– Data Presentations Show Treatment With Up to
Four Monthly Doses of RG6346 Resulted in Substantial and Durable
Reductions in HBsAg Levels Lasting Up to One Year After Last Dose
–
– RG6346 Was Shown to be Safe and Well
Tolerated in This Trial –
Dicerna Pharmaceuticals, Inc. (Nasdaq: DRNA) (the “Company” or
“Dicerna”), a leading developer of investigational ribonucleic acid
interference (RNAi) therapeutics, today announced positive updated
data from its Phase 1 double-blind, placebo-controlled,
proof-of-concept trial of RG6346, an investigational GalXC™ RNAi
therapeutic that Dicerna is developing in collaboration with Roche
for the treatment of chronic hepatitis B virus (HBV) infection. The
data, presented in a late-breaker poster and oral session at The
Liver Meeting® Digital Experience™ 2020 hosted by the
American Association for the Study of Liver Diseases (AASLD),
expand upon the interim results presented by the Company in August
2020 and demonstrate that four monthly doses of RG6346 treatment
resulted in substantial and durable reductions in biomarkers of HBV
disease activity as measured by reductions in hepatitis B surface
antigen (HBsAg) levels lasting up to one year following the last
dose. RG6346 was also shown to have a favorable safety and
tolerability profile in the trial.
In trial participants who were treated with four monthly doses
of RG6346 added to nucleos(t)ide (NUC) antiviral therapy (Group C),
11 of 12 (92%) had mean HBsAg reductions from baseline greater than
1.0 log10 IU/mL by Day 112 (one month after last dose). Seven of
the 12 participants (58%) also achieved HBsAg levels below 100
IU/mL – a level that is associated with a reduced risk of
progression to cirrhosis and hepatocellular carcinoma. Durability
of HBsAg reductions was observed up to Day 448 (one year after the
last dose). Among participants eligible to continue in long-term
follow-up after the dosing period in the longest-observed cohort
(1.5 mg/kg; n=3), the mean reduction in HBsAg from baseline was
1.40 log10 IU/mL at Day 448; one of these participants maintained
greater than a 2.0 log10 IU/mL reduction in HBsAg level from
baseline at Day 448.
“We are pleased by the magnitude and sustainability of HBsAg
suppression with RG6346 seen in our latest Phase 1 results, lasting
up to one year after the last dose administered,” said Shreeram
Aradhye, M.D., Executive Vice President and Chief Medical Officer
at Dicerna. “RNAi is a modality that holds significant promise in
HBsAg suppression, and the results we have seen thus far with
RG6346 are very encouraging, suggesting it could be a strong
foundation for a combination therapy approach with the potential to
achieve functional cures in people with chronic HBV infection.”

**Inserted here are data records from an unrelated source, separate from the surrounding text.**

(* Let $\Gamma$ be a gain operator on $\ell^\infty_+(\mathcal I)$ satisfying Assumption A, and suppose that for some $\rho\in\mathcal K_\infty$: (i) the set $\Psi(\Gamma_\rho)$ is cofinal; (ii) $\Gamma_\rho$ satisfies the uniform NJI condition; (iii) there is $M>0$ with $|\mathcal I_i|\le M$ for all $i\in\mathcal I$. Then there exists $\rho'\in\mathcal K_\infty$ such that $\Sigma(\hat\Gamma_{\rho'})$ is UGS and $\Sigma(\Gamma_{\rho'})$ is UGAS, where $\hat\Gamma_{\rho'}(s):=s\oplus\Gamma_{\rho'}(s)$.
   Context: Let $\mathcal I$ be a nonempty countable index set; $\ell^\infty_+(\mathcal I)$ is the cone of nonnegative real families $s=(s_i)_{i\in\mathcal I}$ with $\|s\|:=\sup_i|s_i|<\infty$, ordered componentwise; $\oplus$ is the componentwise maximum. $\mathcal K$: continuous strictly increasing $\gamma:\mathbb R_+\to\mathbb R_+$ with $\gamma(0)=0$; $\mathcal K_\infty$: unbounded elements of $\mathcal K$, acting on $\ell^\infty_+(\mathcal I)$ componentwise; $\mathcal L$: continuous strictly decreasing functions $\mathbb R_+\to\mathbb R_+$ tending to $0$; $\mathcal{KL}$: continuous $\beta$ with $\beta(\cdot,t)\in\mathcal K$ and $\beta(r,\cdot)\in\mathcal L$ for $r>0$. For $\mathcal J\subset\mathcal I$, $s_{|\mathcal J}$ agrees with $s$ on $\mathcal J$ and is $0$ elsewhere. Gain operator: for each $i$ a finite (possibly empty) $\mathcal I_i\subset\mathcal I\setminus\{i\}$; directed graph $\mathcal G$ with vertices $\mathcal I$ and edges $ji$, $j\in\mathcal I_i$; a pointwise equicontinuous family $\gamma_{ij}\in\mathcal K_\infty$ ($ji\in E(\mathcal G)$); functions $\mu_i:\ell^\infty_+(\mathcal I)\to[0,\infty]$ with (M1) some $\xi\in\mathcal K_\infty$ has $\mu_i(0)=0$, $\mu_i(s)\ge\xi(\|s\|)$; (M2) $\mu_i$ monotone; (M3) for each finite $\mathcal J$, $\mu_i$ restricted to vectors vanishing off $\mathcal J$ is finite-valued and continuous; (M4) for each norm-bounded $A$ and $\varepsilon>0$ there is $\delta>0$ with $\sup_i|\mu_i(s_{|\mathcal I_i})-\mu_i(s^0_{|\mathcal I_i})|\le\varepsilon$ whenever $s^0\in A$, $\|s-s^0\|\le\delta$. $\Gamma_i(s):=\mu_i([\gamma_{ij}(s_j)]_{j\in\mathcal I_i})$ (argument zero outside $\mathcal I_i$). $\Gamma_\rho:=(\mathrm{id}+\rho)\circ\Gamma$. Assumption A: there is $\eta\in\mathcal K_\infty$ with $\gamma_{ij}\ge\eta$ for all $ji\in E(\mathcal G)$, and $\mathcal I_i\ne\emptyset$ for all $i$. $\mathcal N^-_i(n)$: vertices $j$ with a directed path from $j$ to $i$ of length at most $n$ ($\mathcal N^-_i(0)=\{i\}$). For monotone $T$ with $T(0)=0$: $\Psi(T):=\{s:T(s)\le s\}$; $\Sigma(T)$ is the system $s^{n+1}=T(s^n)$; UGS: $\|T^n(s)\|\le\varphi(\|s\|)$ for some $\varphi\in\mathcal K_\infty$ and all $s,n$; UGAS: $\|T^n(s)\|\le\beta(\|s\|,n)$ for some $\beta\in\mathcal{KL}$. A set $A$ is cofinal if every $s$ has $\hat s\in A$ with $s\le\hat s$. $T$ satisfies the uniform NJI condition if for all $r,\varepsilon>0$ there are $n\in\mathbb N$, $\delta>0$ such that for all $s$, $i$ with $s_i\ge\varepsilon$, $\|s\|\le r$ there is $j\in\mathcal N^-_i(n)$ with $s_j\ge\delta$ and $T_j(s)<s_j$. *)

theory Defs
  imports "HOL-Analysis.Analysis" "HOL-Library.Countable"
begin

definition linfp :: "('i \<Rightarrow> real) set" where
  "linfp = {s. (\<forall>i. 0 \<le> s i) \<and> bdd_above (range (\<lambda>i. \<bar>s i\<bar>))}"

definition nrm :: "('i \<Rightarrow> real) \<Rightarrow> real" where
  "nrm s = (SUP i. \<bar>s i\<bar>)"

definition restr :: "'i set \<Rightarrow> ('i \<Rightarrow> real) \<Rightarrow> ('i \<Rightarrow> real)" where
  "restr J s = (\<lambda>j. if j \<in> J then s j else 0)"

definition classK :: "(real \<Rightarrow> real) \<Rightarrow> bool" where
  "classK g \<longleftrightarrow> continuous_on {0..} g \<and> strict_mono_on {0..} g \<and> g 0 = 0"

definition classKinf :: "(real \<Rightarrow> real) \<Rightarrow> bool" where
  "classKinf g \<longleftrightarrow> classK g \<and> (\<forall>M. \<exists>t\<ge>0. g t > M)"

definition classL :: "(real \<Rightarrow> real) \<Rightarrow> bool" where
  "classL f \<longleftrightarrow> continuous_on {0..} f \<and> (\<forall>x\<ge>0. 0 \<le> f x)
     \<and> (\<forall>x y. 0 \<le> x \<longrightarrow> x < y \<longrightarrow> f y < f x) \<and> (f \<longlongrightarrow> 0) at_top"

definition classKL :: "(real \<Rightarrow> real \<Rightarrow> real) \<Rightarrow> bool" where
  "classKL \<beta> \<longleftrightarrow> continuous_on ({0..} \<times> {0..}) (\<lambda>(r, t). \<beta> r t)
     \<and> (\<forall>t\<ge>0. classK (\<lambda>r. \<beta> r t)) \<and> (\<forall>r>0. classL (\<beta> r))"

text \<open>Gain operator data: Ii i = neighbours of i (edges j -> i for j in Ii i),
  gam i j = gamma_ij, mu i = mu_i (values in [0,\<infinity>]).\<close>
definition gain_operator ::
  "('i \<Rightarrow> 'i set) \<Rightarrow> ('i \<Rightarrow> 'i \<Rightarrow> real \<Rightarrow> real) \<Rightarrow> ('i \<Rightarrow> ('i \<Rightarrow> real) \<Rightarrow> ereal) \<Rightarrow> bool" where
  "gain_operator Ii gam mu \<longleftrightarrow>
     (\<forall>i. finite (Ii i) \<and> i \<notin> Ii i)
   \<and> (\<forall>i. \<forall>j\<in>Ii i. classKinf (gam i j))
   \<comment> \<open>pointwise equicontinuity of the family\<close>
   \<and> (\<forall>r\<ge>0. \<forall>\<epsilon>>0. \<exists>\<delta>>0. \<forall>i. \<forall>j\<in>Ii i. \<forall>t\<ge>0.
         \<bar>t - r\<bar> < \<delta> \<longrightarrow> \<bar>gam i j t - gam i j r\<bar> < \<epsilon>)
   \<and> (\<forall>i. \<forall>s\<in>linfp. 0 \<le> mu i s)
   \<comment> \<open>(M1)\<close>
   \<and> (\<exists>\<xi>. classKinf \<xi> \<and> (\<forall>i. mu i (\<lambda>_. 0) = 0 \<and> (\<forall>s\<in>linfp. ereal (\<xi> (nrm s)) \<le> mu i s)))
   \<comment> \<open>(M2)\<close>
   \<and> (\<forall>i. \<forall>s\<in>linfp. \<forall>s'\<in>linfp. (\<forall>j. s j \<le> s' j) \<longrightarrow> mu i s \<le> mu i s')
   \<comment> \<open>(M3)\<close>
   \<and> (\<forall>i. \<forall>J. finite J \<longrightarrow>
        (let V = {s\<in>linfp. \<forall>j. j \<notin> J \<longrightarrow> s j = 0} in
          (\<forall>s\<in>V. \<bar>mu i s\<bar> \<noteq> \<infinity>) \<and>
          (\<forall>s\<in>V. \<forall>\<epsilon>>0. \<exists>\<delta>>0. \<forall>t\<in>V. nrm (t - s) < \<delta> \<longrightarrow>
              \<bar>mu i t - mu i s\<bar> < ereal \<epsilon>)))
   \<comment> \<open>(M4)\<close>
   \<and> (\<forall>A\<subseteq>linfp. bdd_above (nrm ` A) \<longrightarrow> (\<forall>\<epsilon>>0. \<exists>\<delta>>0.
        \<forall>s0\<in>A. \<forall>s\<in>linfp. nrm (s - s0) \<le> \<delta> \<longrightarrow>
          (\<forall>i. \<bar>mu i (restr (Ii i) s) - mu i (restr (Ii i) s0)\<bar> \<le> ereal \<epsilon>)))"

definition Gam ::
  "('i \<Rightarrow> 'i set) \<Rightarrow> ('i \<Rightarrow> 'i \<Rightarrow> real \<Rightarrow> real) \<Rightarrow> ('i \<Rightarrow> ('i \<Rightarrow> real) \<Rightarrow> ereal)
    \<Rightarrow> ('i \<Rightarrow> real) \<Rightarrow> ('i \<Rightarrow> real)" where
  "Gam Ii gam mu s = (\<lambda>i. real_of_ereal (mu i (\<lambda>j. if j \<in> Ii i then gam i j (s j) else 0)))"

definition Gam_rho ::
  "('i \<Rightarrow> 'i set) \<Rightarrow> ('i \<Rightarrow> 'i \<Rightarrow> real \<Rightarrow> real) \<Rightarrow> ('i \<Rightarrow> ('i \<Rightarrow> real) \<Rightarrow> ereal)
    \<Rightarrow> (real \<Rightarrow> real) \<Rightarrow> ('i \<Rightarrow> real) \<Rightarrow> ('i \<Rightarrow> real)" where
  "Gam_rho Ii gam mu \<rho> s = (\<lambda>i. Gam Ii gam mu s i + \<rho> (Gam Ii gam mu s i))"

definition assumptionA ::
  "('i \<Rightarrow> 'i set) \<Rightarrow> ('i \<Rightarrow> 'i \<Rightarrow> real \<Rightarrow> real) \<Rightarrow> bool" where
  "assumptionA Ii gam \<longleftrightarrow>
     (\<exists>\<eta>. classKinf \<eta> \<and> (\<forall>i. \<forall>j\<in>Ii i. \<forall>t\<ge>0. \<eta> t \<le> gam i j t))
   \<and> (\<forall>i. Ii i \<noteq> {})"

definition Nin :: "('i \<Rightarrow> 'i set) \<Rightarrow> 'i \<Rightarrow> nat \<Rightarrow> 'i set" where
  "Nin Ii i n = {j. \<exists>m\<le>n. \<exists>p::nat \<Rightarrow> 'i. p 0 = j \<and> p m = i \<and> (\<forall>k<m. p k \<in> Ii (p (Suc k)))}"

definition Psi :: "(('i \<Rightarrow> real) \<Rightarrow> ('i \<Rightarrow> real)) \<Rightarrow> ('i \<Rightarrow> real) set" where
  "Psi T = {s\<in>linfp. \<forall>i. T s i \<le> s i}"

definition cofinal :: "('i \<Rightarrow> real) set \<Rightarrow> bool" where
  "cofinal A \<longleftrightarrow> (\<forall>s\<in>linfp. \<exists>s'\<in>A. \<forall>i. s i \<le> s' i)"

definition uniform_NJI :: "('i \<Rightarrow> 'i set) \<Rightarrow> (('i \<Rightarrow> real) \<Rightarrow> ('i \<Rightarrow> real)) \<Rightarrow> bool" where
  "uniform_NJI Ii T \<longleftrightarrow> (\<forall>r>0. \<forall>\<epsilon>>0. \<exists>n::nat. \<exists>\<delta>>0. \<forall>s\<in>linfp. \<forall>i.
      \<epsilon> \<le> s i \<and> nrm s \<le> r \<longrightarrow> (\<exists>j\<in>Nin Ii i n. \<delta> \<le> s j \<and> T s j < s j))"

definition UGS :: "(('i \<Rightarrow> real) \<Rightarrow> ('i \<Rightarrow> real)) \<Rightarrow> bool" where
  "UGS T \<longleftrightarrow> (\<exists>\<phi>. classKinf \<phi> \<and> (\<forall>s\<in>linfp. \<forall>n. nrm ((T ^^ n) s) \<le> \<phi> (nrm s)))"

definition UGAS :: "(('i \<Rightarrow> real) \<Rightarrow> ('i \<Rightarrow> real)) \<Rightarrow> bool" where
  "UGAS T \<longleftrightarrow> (\<exists>\<beta>. classKL \<beta> \<and> (\<forall>s\<in>linfp. \<forall>n. nrm ((T ^^ n) s) \<le> \<beta> (nrm s) (real n)))"

end

theory Submission
  imports Defs
begin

Additional data highlights from Group C participants treated
with RG6346 plus NUC therapy (data cutoff October 2020)
included:
- 75% (9 of 12) experienced HBsAg reductions of ≥1.5 log10
IU/mL.
- At Day 112, the mean reduction in HBsAg was 1.39 (SE 0.19)
log10 IU/mL for the 1.5 mg/kg cohort (n=4); 1.80 (SE 0.28) log10
IU/mL for the 3.0 mg/kg cohort (n=4); and 1.64 (SE 0.30) log10
IU/mL for the 6.0 mg/kg cohort (n=4).
- The maximum HBsAg reduction from baseline was 2.7 log10 IU/mL
in a participant given 3.0 mg/kg of RG6346.
- 83% (10 of 12) entered conditional follow-up. Participants were
eligible to enter the conditional follow-up period if they had
HBsAg reductions from baseline of ≥1.0 log10 IU/mL at the end of
the treatment period.
- 67% (8 of 12) entered conditional follow-up and had ≥1.0 log10
IU/mL HBsAg reduction from baseline at the last observed time
point, which ranged from Day 140 to Day 448.
- Similar mean maximum HBsAg log10 IU/mL reductions were observed
independent of hepatitis B e-antigen status (HBeAg levels are an
indicator of active HBV replication and high infectivity).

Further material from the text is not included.